Equilibre
Il y a des carreaux sur ma feuille, je ne sais pas d’où ils viennent, qui les a faits, quelle est l’idée, le projet, mais on m’a dit de les remplir de mots et de raconter ce que j’ai fait aujourd’hui.
Comme les carreaux, j’ignore ce qu’est la vie, d’où elle vient, quelle est l’idée, le projet derrière mais on ne me demande pas cela, moi, on m’a demandé de donner la mort.
Je suis dans un service pédiatrique à l’hôpital public et aujourd’hui, j’ai pris en charge notamment une naissance difficile : après neuf mois de grossesses, un fœtus était arrivé à son terme mais ne voulait pas encore sortir du ventre de sa mère. Attendre plus le mettait en danger. Alors le médecin a pris la décision de forcer la naissance « dussé-je le chercher moi-même » dixit ce dernier.
Tout est préparé normalement pour faire cette opération. La Sagefemme est auprès de la mère et nous sommes trois infirmières pour soutenir le médecin.
L’opération dure un petit temps parce que la naissance ne veut effectivement pas se faire. Le médecin en arrive à aller jusqu’au bout de ses paroles. Il plonge ses outils jusqu’au cœur du nœud et il a tiré une première fois vers lui.

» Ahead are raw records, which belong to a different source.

(* Let $d\geq 2$, let $\mathcal S$ be the set of $d\times d$ density operators, and let $\mathrm d\rho$ be any probability measure on $\mathcal S$. Define $$B_1=1-\tfrac14\,\mathrm{Tr}\big(\mathbb E_\rho[\rho^2]-\mathbb E_\rho[\rho]^2\big),\qquad B_2=\frac1d\left(1+\sqrt{d-1}\,\sqrt{d\left(\mathbb E_\rho\Big[\sqrt{1-\mathrm{Tr}(\rho^2)}\Big]^2+\mathrm{Tr}\big(\mathbb E_\rho[\rho]^2\big)\right)-1}\right).$$ Then either $B_1=1$, or $B_2<B_1$.
   Context: $\mathbb E_\rho$ denotes expectation with respect to $\mathrm d\rho$. ($B_1$ and $B_2$ are both upper bounds on $\max_{\sigma\in\mathcal S}\mathbb E_\rho[F(\rho,\sigma)]$, $F$ being the fidelity.) *)

theory Defs
  imports "HOL-Analysis.Analysis" "HOL-Probability.Probability"
begin

text \<open>Complex d x d matrices are represented as complex^'n^'n with d = CARD('n).
  Matrix product is (**), trace is the library trace.\<close>

definition hermitian_mat :: "complex^'n^'n \<Rightarrow> bool" where
  "hermitian_mat A \<longleftrightarrow> (\<forall>i j. A $ i $ j = cnj (A $ j $ i))"

definition psd_mat :: "complex^'n^'n \<Rightarrow> bool" where
  "psd_mat A \<longleftrightarrow> (\<forall>x::complex^'n.
     Im (\<Sum>i\<in>UNIV. cnj (x $ i) * (A *v x) $ i) = 0 \<and>
     Re (\<Sum>i\<in>UNIV. cnj (x $ i) * (A *v x) $ i) \<ge> 0)"
lemma dz_in_EqS:
  assumes g: "graph_ok V adj" and z: "z \<noteq> 0" and f: "f \<in> EqV V (SigmaOp adj) (Rz adj z)"
  shows "dz adj z f \<in> EqS adj z"
proof -
  have "Sop adj (dz adj z f) (u, w) = z * dz adj z f (u, w)" if a: "adj u w" for u w
  proof -
    have u: "u \<in> V" using graph_ok_in_V[OF g a] by simp
    have "Sop adj (dz adj z f) (u, w) = (z * f u - f u / z) - (f w - f u / z)"
      using Sop_incoming_sum[OF g a] incoming_sum_dz[OF g f u] dz_adj[of adj w u, OF graph_ok_sym[OF g a]]
      by simp
    also have "\<dots> = z * dz adj z f (u, w)"
      using dz_adj[of adj u w z f, OF a] z by (simp add: right_diff_distrib)
    finally show ?thesis .
  qed
  thus ?thesis by (auto simp: EqS_def MapE_def dz_def Edges_def)
qed

lemma dz_eq_zero_imp_zero:
  assumes g: "graph_ok V adj" and z: "z \<noteq> 0" "z * z \<noteq> 1"
    and f: "f \<in> MapV V" and dz0: "dz adj z f = (\<lambda>e. 0)"
  shows "f = (\<lambda>v. 0)"
proof
  fix u show "f u = 0"
  proof (cases "u \<in> V")
    case True
    then obtain w where a: "adj u w" using graph_ok_exists_neighbour[OF g] by blast
    have "f u = f w / z" using fun_cong[OF dz0, of "(u, w)"] dz_adj[of adj u w z f, OF a] by simp
    moreover have "f w = f u / z"
      using fun_cong[OF dz0, of "(w, u)"] dz_adj[of adj w u z f, OF graph_ok_sym[OF g a]] by simp
    ultimately have "(z * z - 1) * f u = 0" using z(1) by (simp add: field_simps)
    thus ?thesis using z(2) by simp
  qed (use f in \<open>simp add: MapV_def\<close>)
qed

lemma inj_on_dz:
  assumes g: "graph_ok V adj" and z: "z \<noteq> 0" "z * z \<noteq> 1"
  shows "inj_on (dz adj z) (MapV V)"
proof (rule inj_onI)
  fix f1 f2 assume f1: "f1 \<in> MapV V" and f2: "f2 \<in> MapV V" and eq: "dz adj z f1 = dz adj z f2"
  have "dz adj z (\<lambda>v. - 1 * f2 v + f1 v) = (\<lambda>e. 0)"
    unfolding dz_linear eq by simp
  moreover have "(\<lambda>v. - 1 * f2 v + f1 v) \<in> MapV V" using f1 f2 by (simp add: MapV_def)
  ultimately have "(\<lambda>v. - 1 * f2 v + f1 v) = (\<lambda>v. 0)" by (rule dz_eq_zero_imp_zero[OF g z, rotated])
  thus "f1 = f2" by (simp add: fun_eq_iff)
qed

lemma EqS_incoming_sum_reverse:
  assumes g: "graph_ok V adj" and h: "h \<in> EqS adj z" and a: "adj u w"
  shows "z * h (u, w) = incoming_sum adj h u - h (w, u)"
proof -
  have "(u, w) \<in> Edges adj" using a by (simp add: Edges_def)
  hence "Sop adj h (u, w) = z * h (u, w)" using h by (simp add: EqS_def)
  thus ?thesis using Sop_incoming_sum[OF g a] by simp
qed

lemma EqS_incoming_sum_diff:
  assumes g: "graph_ok V adj" and h: "h \<in> EqS adj z" and a: "adj u w"
  shows "(z * z - 1) * h (u, w) = z * incoming_sum adj h u - incoming_sum adj h w"
  using EqS_incoming_sum_reverse[OF g h a] EqS_incoming_sum_reverse[OF g h graph_ok_sym[OF g a]] by algebra
(* Let $0\le q<\tfrac12$ and $p=1-q$. Let $X_1,X_2,\dots$ be i.i.d. letters in $\{S,H\}$ with $\mathbb{P}[X_i=S]=q$ and $\mathbb{P}[X_i=H]=p$. Define the random variable $L$ as follows: (i) if $X_1=H$, then $L=1$; (ii) if $X_1X_2=SH$, then $L=2$; (iii) if $X_1X_2=SS$, let $m\ge 3$ be the first index with $X_m=H$ and (number of $S$ among $X_1,\dots,X_m$) $-$ (number of $H$ among $X_1,\dots,X_m$) $=1$, and let $L$ be the number of letters $S$ among $X_1,\dots,X_m$. Then $$\mathbb{E}[L]=1+\frac{p^2q}{p-q}.$$
   Context: This models one attack cycle of the Selfish Mining strategy in Bitcoin: each newly validated block is found by the selfish miner (letter $S$, relative hashrate $q$) or by the honest miners (letter $H$, relative hashrate $p$), independently, and $L$ is the number of blocks added to the official blockchain during the attack cycle. *)

theory Defs
  imports "HOL-Probability.Probability"
begin

text \<open>Letters are encoded as booleans: True = S (selfish miner), False = H (honest).
  A run X_1 X_2 ... is a stream, with X_i = w !! (i - 1).\<close>

definition nS :: "bool stream \<Rightarrow> nat \<Rightarrow> nat" where
  "nS w m = card {i. i < m \<and> w !! i}"

definition nH :: "bool stream \<Rightarrow> nat \<Rightarrow> nat" where
  "nH w m = card {i. i < m \<and> \<not> w !! i}"

definition stop_iii :: "bool stream \<Rightarrow> nat \<Rightarrow> bool" where
  "stop_iii w m \<longleftrightarrow> 3 \<le> m \<and> \<not> w !! (m - 1) \<and> int (nS w m) - int (nH w m) = 1"

text \<open>The random variable L (set to 0 on the null event where case (iii) never stops).\<close>
definition L_len :: "bool stream \<Rightarrow> nat" where
  "L_len w =
     (if \<not> w !! 0 then 1
      else if \<not> w !! 1 then 2
      else if (\<exists>m. stop_iii w m) then nS w (LEAST m. stop_iii w m)
      else 0)"

end

theory Submission
  imports Defs
begin

text \<open>Read S as a step up and H as a step down. After the prefix SS the attack ends exactly when
  the walk started at height 1 first returns to 0, and L is 2 plus the number of up-steps of that
  excursion. For the walk started at height k, the absorption probability h k and the expected
  number c k of up-steps before absorption satisfy the first-step equations
  h (k+1) = q h (k+2) + p h k and c (k+1) = q (h (k+2) + c (k+2)) + p c k, with h 0 = 1, c 0 = 0.
  Since q < p, a nonnegative solution of the homogeneous equation that vanishes at 0 and grows at
  most linearly is identically 0 (its increments grow geometrically by the factor p/q). Applied to
  1 - h and to k g - c, with g = q/(p - q), this gives h = 1 and c k = k g; the linear bound on c
  comes from truncating the walk after finitely many steps. Conditioning on the first two letters
  then gives E[L] = p + 2 q p + q^2 (2 + g).\<close>

lemma increments_growing_linearly_unbounded:
  fixes a :: "nat \<Rightarrow> real"
  assumes e: "0 < e" and a0: "a 0 = 0" and incr: "\<And>k. real k * e \<le> a (Suc k) - a k"
  obtains k where "real k * B < a k"
proof -
  have quadratic: "e * (real k * (real k - 1) / 2) \<le> a k" for k
  proof (induction k)
    case 0 then show ?case using a0 by simp
  next
    case (Suc k) then show ?case using incr[of k] by (simp add: algebra_simps)
  qed
  obtain N :: nat where N: "2 * B / e < real N" using reals_Archimedean2 by blast
  have "B < e * (real N / 2)" using N e by (simp add: field_simps)
  then have "real (Suc N) * B < real (Suc N) * (e * (real N / 2))"
    by (intro mult_strict_left_mono) simp_all
  also have "\<dots> = e * (real (Suc N) * (real (Suc N) - 1) / 2)"
    by (simp add: algebra_simps)
  finally show ?thesis using quadratic[of "Suc N"] by (intro that[of "Suc N"]) linarith
qed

Tout a coup, le sol se met à trembler. J’ai un peu perdu l’équilibre et j’ai constaté qu’il n’y avait que moi qui avait ressenti quelque chose, pourtant les secousses ont été violente. Mon cœur se met à battre vite et je sens que l’on se paye ma tête.
Le médecin a repris ce qu’il faisait et il a tiré une deuxième fois. Au même moment, j’ai de nouveau senti des secousses, plus fortes encore, et j’ai entendu comme un grand et long déchirement venant de l’extérieur.
Je me suis reprit après cette deuxième interruption. Le médecin a tiré une troisième fois avec plus de vigueur. Je suis tombé à terre, comme poussé violemment par des mains invisibles. J’ai aussi porté mes mains à mes oreilles parce que le bruit de déchirure fut également plus violent et il a envahi toute ma tête.
J’ai peut-être crié, je ne me souviens plus, je ne me suis pas entendu.
J’ai peut-être crié après avoir porté mon regard à travers la fenêtre. Je pouvais voir le ciel entr’ouvert, c’est lui qui se déchirait, et laissait envahir le ciel bleu par un orage aux éclairs vert sombre, très sombre.
Le médecin m’a crié dessus, j’ai vu ses lèvres remuer du moins, je n’entendais qu’un grave bruit de tonnerre. Le médecin est retourné à son affaire, il a tire une dernière fois avec ses outils pour enfin sortir un enfant tout beau qui pleurait déjà, heureux, ou pas, d’être venu à la vie.
Là-dessus, j’ai tordu le cou du médecin. Un instinct m’a dicté de le faire. Une vie ne pouvait pas arriver maintenant sans une mort équivalente. On avait forcé la nature, elle n’avait pas prévu le coup et a cherché quoi faire. Elle a trouvé un bon pigeon pour exécuter son plan pour rétablir l’ordre de l’univers.
Une fois que le corps du médecin reposait à terre et celui de l’enfant était bien vivant dans les bras de sa mère, le ciel reprit ses couleurs normales, le tonnerre se tu et j’entendis de nouveau le chant des oiseaux à l’extérieur.
Puis mes collègues m’attrapèrent et me collèrent une camisole de force.
Voilà comment on remercie le sauveur du monde, de l’équilibre, de la vie.